Speaker 8 And like, don't worry, I don't go around being like, you know, that's bullshit.
Speaker 2 Like when I pick my daughter up from second grade instead of the other children, don't worry. Ms.
Speaker 2 Sagana, we're actually going to have to ask you to please stop disseminating the power of pure information to the children. Okay.
Speaker 8 She's going to have to start taking the bus home if you insist on showing up at pick up.
Speaker 2 So what do you tell her?
Speaker 7 What do you, do you say that Santa isn't real, but keep the lie going for your classmates?
Speaker 8 No, I say that everyone eventually finds out. I'm not going to ever lie to you, but it's not for us to tell other children because their parents have a plan for when they're going to find out.
Speaker 8 And, you know, what's funny though, is there's another fictional character who I did kind of, I mean, luckily my daughter's really skeptical.
Speaker 8 So it's now like this running joke open secret, but I don't feel as strongly about like the tooth fairy as i do about santa why is that why is the tooth fairy fine it feels like the tooth fairy is even more ubiquitous than santa it's interesting because it's like so the the the the scholar that we interviewed about this um
Speaker 8 on my podcast was saying that one of the big differences is everybody can picture Santa, but the tooth fairy is like very open to interpretation.
Speaker 8
And it's like, not like a singular creature that like everybody agrees on. So it's sort of more, it doesn't feel like this lie.
It just feels like this like amorphous like joke.
Speaker 8 And it's also not like, oh, the magic is ruined when you find out that your mother put $2 under your pillow. You know what I mean?
Speaker 2 It's just like, just give me the money up front.
Speaker 7 Well, that's it. It was also my introduction to money.
Speaker 2 to be honest with you.
Speaker 7 It was the first time I made it. It's like a job.
Speaker 2 Yeah.
Speaker 8 Yes. And it's the, I mean, if you want to talk about strange customs, it is the weirdest thing ever.
Speaker 8 I mean, imagine if it was not, like, if we hadn't all grown up with it and you were reading in like an anthropology textbook about some distant tribe or island somewhere where when the children come of age and their teeth start falling out of their mouths, they put it under their pillow and then like a mystical like spirit from the forest with wings comes and takes part of their body that has fallen out and leaves them the like
Speaker 8 you know leaves them money
Speaker 2 yeah the currency the local currency who is the tooth fairy selling these teeth to i mean that's why
Speaker 2 does she need them no one just spends money they're either looking for votes or they're looking for something else they got something on you now she's gonna frame these children for crimes later leaving their dna at the scene i don't know oh my god
Speaker 2 the tooth fairy is jeffrey epstein
Speaker 2 I should say, Kai has to ask, though, is it more, the Tooth Fairy for some reason? Is it more here in America or is it across the globe?

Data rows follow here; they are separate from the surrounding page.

(* Under the standing assumptions in the context, with $h^E$, $h^S$ defined as there, for all $r\in[r_0,r_1]$, $$0\le h^S(r)-h^E(r)\le \frac{g}{u_0^2-g h_0}\,\big(h^E(r)\big)^2\,\big(1-\nu(r)\big).$$ In particular there is a constant $c>0$ (namely $c=g/(u_0^2-gh_0)$) with $h^S(r)-h^E(r)\le c\,(h^E(r))^2(1-\nu(r))$ for all $r\in[r_0,r_1]$.
   Context: Standing assumptions and notation. Let $g>0$, $0<r_0<r_1$, and let $f\in C^1([r_0,r_1])$ with $f'(r)\le 0$ for all $r\in[r_0,r_1]$, $f'(r_0)=0$, and $f(r_0)>f(r_1)$. Set $\nu(r)=1/\sqrt{1+(f'(r))^2}$. Let $h_0>0$, $u_0>0$ with $u_0^2/(g h_0)>1$. Define $q_e=\tfrac12 u_0^2+g\,(f(r_0)+h_0)$, $q_w=r_0h_0u_0$, $\eta(r)=q_e-g f(r)$, and $$\mathcal P^S_r(h)=g h^3-\eta(r)h^2+\frac{q_w^2}{2r^2},\qquad \mathcal P^E_r(h)=g\,\nu(r)\, h^3-\eta(r)h^2+\frac{q_w^2}{2r^2}.$$ Let $\nu^S(r)=1$, $\nu^E(r)=\nu(r)$, $h^M_\star(r)=\dfrac{2\eta(r)}{3g\,\nu^M(r)}$ for $M\in\{E,S\}$. For each $r\in[r_0,r_1]$ and $M\in\{E,S\}$, $h^M(r)$ denotes the unique root of $\mathcal P^M_r$ in the interval $(0,h^M_\star(r))$ (this root exists and $h^M$ is continuous with $h^M(r_0)=h_0$). *)

theory Defs
  imports "HOL-Analysis.Analysis"
begin

definition nu :: "(real \<Rightarrow> real) \<Rightarrow> real \<Rightarrow> real" where
  "nu f' r = 1 / sqrt (1 + (f' r)^2)"

definition q_e :: "real \<Rightarrow> (real \<Rightarrow> real) \<Rightarrow> real \<Rightarrow> real \<Rightarrow> real \<Rightarrow> real" where
  "q_e g f r0 h0 u0 = u0^2 / 2 + g * (f r0 + h0)"

definition q_w :: "real \<Rightarrow> real \<Rightarrow> real \<Rightarrow> real" where
  "q_w r0 h0 u0 = r0 * h0 * u0"

definition eta :: "real \<Rightarrow> (real \<Rightarrow> real) \<Rightarrow> real \<Rightarrow> real \<Rightarrow> real \<Rightarrow> real \<Rightarrow> real" where
  "eta g f r0 h0 u0 r = q_e g f r0 h0 u0 - g * f r"

definition polyM :: "real \<Rightarrow> (real \<Rightarrow> real) \<Rightarrow> real \<Rightarrow> real \<Rightarrow> real \<Rightarrow> real \<Rightarrow> real \<Rightarrow> real \<Rightarrow> real" where
  "polyM g f r0 h0 u0 nuM r h =
     g * nuM * h^3 - eta g f r0 h0 u0 r * h^2 + (q_w r0 h0 u0)^2 / (2 * r^2)"

definition PS :: "real \<Rightarrow> (real \<Rightarrow> real) \<Rightarrow> real \<Rightarrow> real \<Rightarrow> real \<Rightarrow> real \<Rightarrow> real \<Rightarrow> real" where
  "PS g f r0 h0 u0 r h = polyM g f r0 h0 u0 1 r h"

definition PE :: "real \<Rightarrow> (real \<Rightarrow> real) \<Rightarrow> (real \<Rightarrow> real) \<Rightarrow> real \<Rightarrow> real \<Rightarrow> real \<Rightarrow> real \<Rightarrow> real \<Rightarrow> real" where
  "PE g f f' r0 h0 u0 r h = polyM g f r0 h0 u0 (nu f' r) r h"

definition hstarS :: "real \<Rightarrow> (real \<Rightarrow> real) \<Rightarrow> real \<Rightarrow> real \<Rightarrow> real \<Rightarrow> real \<Rightarrow> real" where
  "hstarS g f r0 h0 u0 r = 2 * eta g f r0 h0 u0 r / (3 * g)"

definition hstarE :: "real \<Rightarrow> (real \<Rightarrow> real) \<Rightarrow> (real \<Rightarrow> real) \<Rightarrow> real \<Rightarrow> real \<Rightarrow> real \<Rightarrow> real \<Rightarrow> real" where
  "hstarE g f f' r0 h0 u0 r = 2 * eta g f r0 h0 u0 r / (3 * g * nu f' r)"

definition hS :: "real \<Rightarrow> (real \<Rightarrow> real) \<Rightarrow> real \<Rightarrow> real \<Rightarrow> real \<Rightarrow> real \<Rightarrow> real" where
  "hS g f r0 h0 u0 r =
     (THE h. 0 < h \<and> h < hstarS g f r0 h0 u0 r \<and> PS g f r0 h0 u0 r h = 0)"

definition hE :: "real \<Rightarrow> (real \<Rightarrow> real) \<Rightarrow> (real \<Rightarrow> real) \<Rightarrow> real \<Rightarrow> real \<Rightarrow> real \<Rightarrow> real \<Rightarrow> real" where
  "hE g f f' r0 h0 u0 r =
     (THE h. 0 < h \<and> h < hstarE g f f' r0 h0 u0 r \<and> PE g f f' r0 h0 u0 r h = 0)"

end

theory Submission
  imports Defs
begin

text \<open>Both depths are roots of a cubic \<open>c h\<^sup>3 - \<eta> h\<^sup>2 + K\<close> on the branch \<open>(0, 2\<eta>/(3c))\<close>
where it is strictly decreasing; the two cubics differ only in \<open>c = g\<close> versus \<open>c = g \<nu>\<close>.
Subtracting the two root equations gives \<open>(h\<^sup>S - h\<^sup>E) D = g (1 - \<nu>) (h\<^sup>E)\<^sup>3\<close>, where
\<open>D = \<eta> (h\<^sup>E + h\<^sup>S) - g ((h\<^sup>E)\<^sup>2 + h\<^sup>E h\<^sup>S + (h\<^sup>S)\<^sup>2)\<close> is bounded below by \<open>h\<^sup>E (2\<eta> - 3 g h\<^sup>S)\<close>.
Since the bed only descends, \<open>\<eta> \<ge> u\<^sub>0\<^sup>2/2 + g h\<^sub>0\<close>, and since the channel widens the constant
term only shrinks; so \<open>h\<^sup>S \<le> h\<^sub>0\<close> and \<open>2\<eta> - 3 g h\<^sup>S \<ge> u\<^sub>0\<^sup>2 - g h\<^sub>0\<close>, which is positive because
the inflow is supercritical.\<close>

definition cubic :: "real \<Rightarrow> real \<Rightarrow> real \<Rightarrow> real \<Rightarrow> real" where
  "cubic c e K h = c * h^3 - e * h^2 + K"

lemma cubic_strict_antimono:
  assumes c: "c > 0" and ab: "0 < a" "a < b" and b: "b \<le> 2 * e / (3 * c)"
  shows "cubic c e K b < cubic c e K a"
proof -
  have cb: "3 * c * b \<le> 2 * e" using b c by (simp add: field_simps)
  then have e: "e > 0" using c ab by (smt (verit) mult_pos_pos)
  have "a * a < a * b" "a * b < b * b" using ab by simp_all
  then have "2 * (a^2 + a*b + b^2) < 3 * b * (a + b)"
    by (simp add: power2_eq_square algebra_simps)
  then have "2 * e * (a^2 + a*b + b^2) < 3 * b * (e * (a + b))"
    using mult_strict_left_mono[OF _ e] by (metis (no_types, lifting) mult.assoc mult.left_commute)
  moreover have "3 * b * (c * (a^2 + a*b + b^2)) \<le> 2 * e * (a^2 + a*b + b^2)"
    using mult_right_mono[OF cb, of "a^2 + a*b + b^2"] ab by (simp add: algebra_simps)
  ultimately have "3 * b * (c * (a^2 + a*b + b^2)) < 3 * b * (e * (a + b))"
    by linarith
  then have "c * (a^2 + a*b + b^2) < e * (a + b)"
    using ab by simp
  then have "(b - a) * (e * (a + b) - c * (a^2 + a*b + b^2)) > 0"
    using ab by simp
  moreover have "cubic c e K a - cubic c e K b = (b - a) * (e * (a + b) - c * (a^2 + a*b + b^2))"
    unfolding cubic_def by (simp add: algebra_simps power2_eq_square power3_eq_cube)
  ultimately show ?thesis by linarith
qed

lemma cubic_root_le:
  assumes "c > 0" "0 < x" "cubic c e K x \<le> 0"
    and "b \<le> 2 * e / (3 * c)" "cubic c e K b = 0"
  shows "b \<le> x"
  using cubic_strict_antimono[of c x b e K] assms by force

lemma cubic_unique_root:
  assumes c: "c > 0" and e: "e > 0" and K: "K > 0" and disc: "27 * c^2 * K < 4 * e^3"
  shows "\<exists>!h. 0 < h \<and> h < 2 * e / (3 * c) \<and> cubic c e K h = 0"
proof -
  define m where "m = 2 * e / (3 * c)"
  have m: "m > 0" using c e by (simp add: m_def)
  have "cubic c e K m = K - 4 * e^3 / (27 * c^2)"
    using c by (simp add: m_def cubic_def field_simps power2_eq_square power3_eq_cube)
  also have "\<dots> < 0"
    using c disc by (simp add: field_simps)
  finally have neg: "cubic c e K m < 0" .
  have pos: "cubic c e K 0 > 0" using K by (simp add: cubic_def)
  have "continuous_on {0..m} (cubic c e K)"
    unfolding cubic_def[abs_def] by (intro continuous_intros)
  then obtain x where x: "0 \<le> x" "x \<le> m" "cubic c e K x = 0"
    using IVT2'[of "cubic c e K" m 0 0] neg pos m by auto
  then have root: "0 < x \<and> x < m \<and> cubic c e K x = 0"
    using neg pos by (auto simp: le_less)
  moreover have "y = x" if "0 < y \<and> y < m \<and> cubic c e K y = 0" for y
    using cubic_root_le[of c x e K y] cubic_root_le[of c y e K x] that root c
    by (simp add: m_def)
  ultimately show ?thesis unfolding m_def by blast
qed

lemma cubic_roots_gap:
  assumes g: "g > 0" and nu: "0 < \<nu>" "\<nu> \<le> 1"
    and a: "0 < a" "a < 2 * e / (3 * (g * \<nu>))" "cubic (g * \<nu>) e K a = 0"
    and b: "0 < b" "b < 2 * e / (3 * g)" "cubic g e K b = 0"
    and L: "L > 0" "L \<le> 2 * e - 3 * g * b"
  shows "0 \<le> b - a \<and> b - a \<le> g / L * a^2 * (1 - \<nu>)"
proof -
  have "cubic (g * \<nu>) e K b = - (g * (1 - \<nu>) * b^3)"
    using b(3) by (simp add: cubic_def algebra_simps)
  also have "\<dots> \<le> 0" using g nu b by simp
  finally have ab: "a \<le> b"
    using cubic_root_le[of "g * \<nu>" b e K a] g nu a b by simp
  define D where "D = e * (a + b) - g * (a^2 + a*b + b^2)"
  have gap: "(b - a) * D = g * (1 - \<nu>) * a^3"
    using a(3) b(3) unfolding D_def cubic_def
    by (simp add: algebra_simps power2_eq_square power3_eq_cube)
  have "g * (b - a) \<le> g * b" "0 < g * b" "3 * (g * b) < 2 * e"
    using g a b by (simp_all add: field_simps)
  then have "e - g * (b - a) \<ge> 0" by linarith
  moreover have "D - a * (2 * e - 3 * g * b) = (b - a) * (e - g * (b - a))"
    unfolding D_def by (simp add: algebra_simps power2_eq_square)
  ultimately have "a * L \<le> D"
    using ab mult_left_mono[OF L(2), of a] a by (smt (verit) mult_nonneg_nonneg)
  then have "a * ((b - a) * L) \<le> a * (g * (1 - \<nu>) * a^2)"
    using gap mult_left_mono[of "a * L" D "b - a"] ab
    by (simp add: algebra_simps power3_eq_cube power2_eq_square)
  then have "(b - a) * L \<le> g * (1 - \<nu>) * a^2" using a by simp
  then show ?thesis using ab L by (simp add: field_simps)
qed

lemma le_left_endpoint_of_deriv_nonpos:
  fixes f :: "real \<Rightarrow> real"
  assumes deriv: "\<forall>x\<in>{a..b}. (f has_real_derivative f' x) (at x within {a..b})"
    and nonpos: "\<forall>x\<in>{a..b}. f' x \<le> 0"
    and x: "x \<in> {a..b}"
  shows "f x \<le> f a"
proof (rule DERIV_nonpos_imp_decreasing_open[of a x f])
  show "a \<le> x" using x by simp
  fix y assume y: "a < y" "y < x"
  then have "at y within {a..b} = at y" using x by (intro at_within_Icc_at) auto
  then show "\<exists>z. (f has_real_derivative z) (at y) \<and> z \<le> 0"
    using deriv nonpos y x by (metis atLeastAtMost_iff less_imp_le order_trans)
next
  have "continuous_on {a..b} f"
    using deriv by (metis DERIV_continuous continuous_on_eq_continuous_within)
  then show "continuous_on {a..x} f" by (rule continuous_on_subset) (use x in auto)
qed

lemma nu_pos: "0 < nu f' r"
  by (simp add: nu_def add_pos_nonneg)

lemma nu_le_one: "nu f' r \<le> 1"
  by (simp add: nu_def add_pos_nonneg divide_le_eq)

text \<open>\<open>u\<^sub>0\<^sup>2/2 + g h\<^sub>0\<close> and \<open>h\<^sub>0\<^sup>2 u\<^sub>0\<^sup>2/2\<close> are \<open>\<eta>\<close> and the constant term at \<open>r = r\<^sub>0\<close>.\<close>

lemma inflow_root:
  fixes g h0 u0 :: real
  shows "cubic g (u0^2 / 2 + g * h0) (h0^2 * u0^2 / 2) h0 = 0"
  by (simp add: cubic_def algebra_simps power2_eq_square power3_eq_cube)

lemma inflow_discriminant:
  fixes g h0 u0 :: real
  assumes "g > 0" "h0 > 0" "g * h0 < u0^2"
  shows "27 * g^2 * (h0^2 * u0^2 / 2) < 4 * (u0^2 / 2 + g * h0)^3"
proof -
  define x y where "x = u0^2" and "y = g * h0"
  have "y > 0" "y < x" using assms by (simp_all add: x_def y_def)
  then have "(x - y)^2 * (x + 8 * y) > 0" by simp
  moreover have "(x + 2 * y)^3 - 27 * x * y^2 = (x - y)^2 * (x + 8 * y)"
    by (simp add: algebra_simps power2_eq_square power3_eq_cube)
  ultimately have "27 * x * y^2 < (x + 2 * y)^3" by linarith
  then show ?thesis
    by (simp add: x_def y_def field_simps power2_eq_square power3_eq_cube)
qed

lemma cubic_roots_gap_from_inflow:
  fixes g h0 u0 \<nu> e K :: real
  defines "hS' \<equiv> THE h. 0 < h \<and> h < 2 * e / (3 * g) \<and> cubic g e K h = 0"
    and "hE' \<equiv> THE h. 0 < h \<and> h < 2 * e / (3 * (g * \<nu>)) \<and> cubic (g * \<nu>) e K h = 0"
  assumes g: "g > 0" and h0: "h0 > 0" and sup: "g * h0 < u0^2"
    and nu: "0 < \<nu>" "\<nu> \<le> 1"
    and e: "u0^2 / 2 + g * h0 \<le> e" and K: "0 < K" "K \<le> h0^2 * u0^2 / 2"
  shows "0 \<le> hS' - hE' \<and> hS' - hE' \<le> g / (u0^2 - g * h0) * hE'^2 * (1 - \<nu>)"
proof -
  have "0 < u0^2 / 2 + g * h0" using g h0 by (simp add: add_nonneg_pos)
  then have epos: "e > 0" using e by linarith
  have "(u0^2 / 2 + g * h0)^3 \<le> e^3"
    using e \<open>0 < u0^2 / 2 + g * h0\<close> by (intro power_mono) auto
  moreover have "27 * g^2 * K \<le> 27 * g^2 * (h0^2 * u0^2 / 2)"
    using K(2) by (intro mult_left_mono) auto
  ultimately have discS: "27 * g^2 * K < 4 * e^3"
    using inflow_discriminant[OF g h0 sup] by linarith
  have "\<nu>^2 * (g^2 * K) \<le> 1 * (g^2 * K)"
    using nu K by (intro mult_right_mono) (auto simp: power_le_one)
  then have discE: "27 * (g * \<nu>)^2 * K < 4 * e^3"
    using discS by (simp add: power_mult_distrib algebra_simps)
  have b: "0 < hS' \<and> hS' < 2 * e / (3 * g) \<and> cubic g e K hS' = 0"
    unfolding hS'_def by (rule theI') (rule cubic_unique_root[OF g epos K(1) discS])
  have a: "0 < hE' \<and> hE' < 2 * e / (3 * (g * \<nu>)) \<and> cubic (g * \<nu>) e K hE' = 0"
    unfolding hE'_def
    by (rule theI') (rule cubic_unique_root[OF mult_pos_pos[OF g nu(1)] epos K(1) discE])
  have "cubic g e K h0 \<le> cubic g (u0^2 / 2 + g * h0) (h0^2 * u0^2 / 2) h0"
    using mult_right_mono[OF e, of "h0^2"] K unfolding cubic_def by simp
  then have "hS' \<le> h0"
    using cubic_root_le[of g h0 e K hS'] inflow_root g h0 b by simp
  then have L: "u0^2 - g * h0 \<le> 2 * e - 3 * g * hS'"
    using e mult_left_mono[of hS' h0 g] g by linarith
  show ?thesis
    using cubic_roots_gap[of g \<nu> hE' e K hS' "u0^2 - g * h0"] g nu a b L sup by simp
qed

theorem proposition1:
  fixes g r0 r1 h0 u0 :: real and f f' :: "real \<Rightarrow> real"
  assumes g: "g > 0"
    and r: "0 < r0" "r0 < r1"
    and fderiv: "\<forall>r\<in>{r0..r1}. (f has_real_derivative f' r) (at r within {r0..r1})"
    and fcont: "continuous_on {r0..r1} f'"
    and fmono: "\<forall>r\<in>{r0..r1}. f' r \<le> 0"
    and f'r0: "f' r0 = 0"
    and fdrop: "f r0 > f r1"
    and h0: "h0 > 0" and u0: "u0 > 0"
    and froude: "u0^2 / (g * h0) > 1"
  shows "\<forall>r\<in>{r0..r1}.
           0 \<le> hS g f r0 h0 u0 r - hE g f f' r0 h0 u0 r \<and>
           hS g f r0 h0 u0 r - hE g f f' r0 h0 u0 r
             \<le> g / (u0^2 - g * h0) * (hE g f f' r0 h0 u0 r)^2 * (1 - nu f' r)"
proof
  fix r assume rr: "r \<in> {r0..r1}"
  define e K where "e = eta g f r0 h0 u0 r" and "K = (q_w r0 h0 u0)^2 / (2 * r^2)"
  have "f r \<le> f r0" by (rule le_left_endpoint_of_deriv_nonpos[OF fderiv fmono rr])
  then have "u0^2 / 2 + g * h0 \<le> e"
    using g by (simp add: e_def eta_def q_e_def algebra_simps)
  moreover have "0 < K" "K \<le> h0^2 * u0^2 / 2"
    using r rr h0 u0 power_mono[of r0 r 2]
    by (auto simp: K_def q_w_def power_mult_distrib field_simps)
  moreover have "g * h0 < u0^2" using froude g h0 by (simp add: field_simps)
  moreover have "hS g f r0 h0 u0 r = (THE h. 0 < h \<and> h < 2 * e / (3 * g) \<and> cubic g e K h = 0)"
    by (simp add: hS_def hstarS_def PS_def polyM_def cubic_def e_def K_def)
  moreover have "hE g f f' r0 h0 u0 r = (THE h. 0 < h \<and> h < 2 * e / (3 * (g * nu f' r))
                   \<and> cubic (g * nu f' r) e K h = 0)"
    by (simp add: hE_def hstarE_def PE_def polyM_def cubic_def e_def K_def mult.assoc)
  ultimately show "0 \<le> hS g f r0 h0 u0 r - hE g f f' r0 h0 u0 r \<and>
           hS g f r0 h0 u0 r - hE g f f' r0 h0 u0 r
             \<le> g / (u0^2 - g * h0) * (hE g f f' r0 h0 u0 r)^2 * (1 - nu f' r)"
    using cubic_roots_gap_from_inflow[OF g h0 _ nu_pos nu_le_one] by simp
qed

end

Speaker 8 I don't think it's, I mean, I have to do some research to tell you.
Speaker 8 We haven't done a full Tooth Fairy episode yet, but that is something I really want to do.
Speaker 8 But no,
Speaker 8
I think it's definitely Western culture. I don't think it's global.
I'm going to look into it. This is a good question.
Speaker 2 Yeah, I don't know if necessarily everybody's paying off their kids.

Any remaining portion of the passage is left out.